Роджер отошел в сторону, пропуская Бодругана и его сына в ворота. Теперь можно было как следует разглядеть дом: сложенный из камня, с черепичной крышей, он стоял в глубине двора. В покои второго этажа вела наружная лестница – такие лестницы в наше время используют в фермерских амбарах. За домом находилась конюшня, а за каменной оградой, извиваясь, бежала вверх дорога на Тайуордрет – там, в крытых соломой жилищах, обитали крестьяне, те, кто обрабатывал все эти земли по обеим сторонам дороги.
При нашем приближении во двор с лаем выбежали собаки, но Роджер прикрикнул на них, и они, поджав уши, приникли к земле – из-за дома вышел слуга с испуганным выражением лица и увел их. Бодруган и его сын Генри в сопровождении Роджера прошли через двор к дому, а я, как тень, неотступно следовал за ними. Мы вошли в длинный, во всю ширину дома, зал, со створчатыми окошками по обеим сторонам, на восточной стене они выходили во двор, на западной – прямо на залив.

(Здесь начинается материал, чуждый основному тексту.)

lemma Psi_eq_series:
  fixes T :: "real^('p::finite+'m::finite)^('p+'m)"
  assumes gen: "is_generator T" and Psi: "is_Psi T Psi"
    and mu_pos: "0 < mu" and mu_ge: "\<And>i. \<bar>T$i$i\<bar> \<le> mu"
  defines "P \<equiv> mat 1 + (1 / mu) *\<^sub>R T"
    and "W \<equiv> matrix_inv (mat 1 - (1 / mu) *\<^sub>R blk_pp T)"
    and "V \<equiv> \<lambda>Y. mat 1 + (1 / mu) *\<^sub>R (blk_mm T + blk_mp T ** Y)"
  shows "(\<lambda>k. matpow W k ** (W ** blk_pm P) ** matpow (V Psi) k) sums Psi"
proof -
  have c: "0 < 1 / mu" using mu_pos by simp
  have inv: "invertible (mat 1 - (1 / mu) *\<^sub>R blk_pp T)" and W_nonneg: "0 \<le> W"
    using id_minus_subgenerator_inverse[of "blk_pp T" "1 / mu"] c
      blk_pp_generator_offdiag_nonneg[OF gen] blk_pp_generator_row_sum[OF gen]
    by (auto simp: W_def)
  have fixpoint: "riccati_sol T Y \<longleftrightarrow> Y = W ** blk_pm P + W ** Y ** V Y" for Y
    using riccati_sol_iff_fixpoint[of "1 / mu" T W Y] invertible_matrix_inv[OF inv] c
    by (simp add: W_def V_def P_def blk_pm_uniformization)
  have Q_nonneg: "0 \<le> W ** blk_pm P"
    unfolding P_def blk_pm_uniformization using W_nonneg blk_pm_generator_nonneg[OF gen] c
    by (intro matrix_mult_nonneg scaleR_nonneg_nonneg) auto
  have V_eq: "V Y = blk_mm P + (1 / mu) *\<^sub>R (blk_mp T ** Y)" for Y
    by (simp add: V_def P_def blk_mm_uniformization scaleR_right_distrib add.assoc)
  have "0 \<le> blk_mm P"
    unfolding P_def by (intro blk_mm_nonneg uniformization_nonneg gen mu_pos mu_ge)
  then have V_nonneg: "0 \<le> V Y" if "0 \<le> Y" for Y
    unfolding V_eq using c that blk_mp_generator_nonneg[OF gen]
    by (intro add_nonneg_nonneg scaleR_nonneg_nonneg matrix_mult_nonneg) auto
  have V_mono: "V Y \<le> V Z" if "0 \<le> Y" "Y \<le> Z" for Y Z
    unfolding V_eq using c that blk_mp_generator_nonneg[OF gen]
    by (intro add_left_mono scaleR_left_mono matrix_mult_mono order_refl) auto
  from Psi fixpoint show ?thesis
    unfolding is_Psi_iff
    by (intro minimal_solution_eq_series W_nonneg Q_nonneg V_nonneg V_mono) auto
qed

theorem lemma2:
  fixes T :: "real^('p::finite + 'm::finite)^('p + 'm)"
    and Psi :: "real^'m^'p"
    and mu :: real
  assumes gen: "is_generator T"
    and Psi: "is_Psi T Psi"
    and mu_pos: "mu > 0"
    and mu_ge: "\<forall>i. \<bar>T$i$i\<bar> \<le> mu"
  defines "U \<equiv> blk_mm T + blk_mp T ** Psi"
    and "P \<equiv> mat 1 + (1 / mu) *\<^sub>R T"
    and "V \<equiv> mat 1 + (1 / mu) *\<^sub>R (blk_mm T + blk_mp T ** Psi)"
    and "W \<equiv> matrix_inv (mat 1 - (1 / mu) *\<^sub>R blk_pp T)"
  shows "qbd_G (blocks 0 (W ** blk_pm P) 0 V) 0 (blocks W 0 0 0) = blocks 0 Psi 0 V"
proof (rule qbd_G_blocks)
  show "(\<lambda>k. matpow W k ** (W ** blk_pm P) ** matpow V k) sums Psi"
    using Psi_eq_series[OF gen Psi mu_pos] mu_ge by (simp add: P_def V_def W_def)
qed

end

В дальнем конце зала находился открытый очаг, в котором едва тлел уложенный горкой торф, а поперек зала стоял стол на козлах и вдоль него – скамьи. Зал был очень темный, отчасти из-за маленьких окон и висевшего в воздухе чада, а отчасти из-за красного цвета стен, придававшего этому помещению торжественный, но мрачноватый вид.
На скамьях сгорбившись сидели дети: два мальчика и девочка. Судя по их позам и понурому и подавленному виду, они не столько были удручены горем, сколько растеряны и напуганы близостью смерти. Я узнал старшего – это был Уильям Шампернун, которого представляли епископу. Теперь он первым встал и подошел к дяде и двоюродному брату поздороваться. После некоторого замешательства его примеру последовали и двое младших детей. Отто Бодруган наклонился и обнял всех троих. Затем, как это делают все нормальные дети, когда в напряженную минуту внезапно появляется кто-то из взрослых, они воспользовались случаем, чтобы покинуть комнату, и заодно увели с собой кузена Генри.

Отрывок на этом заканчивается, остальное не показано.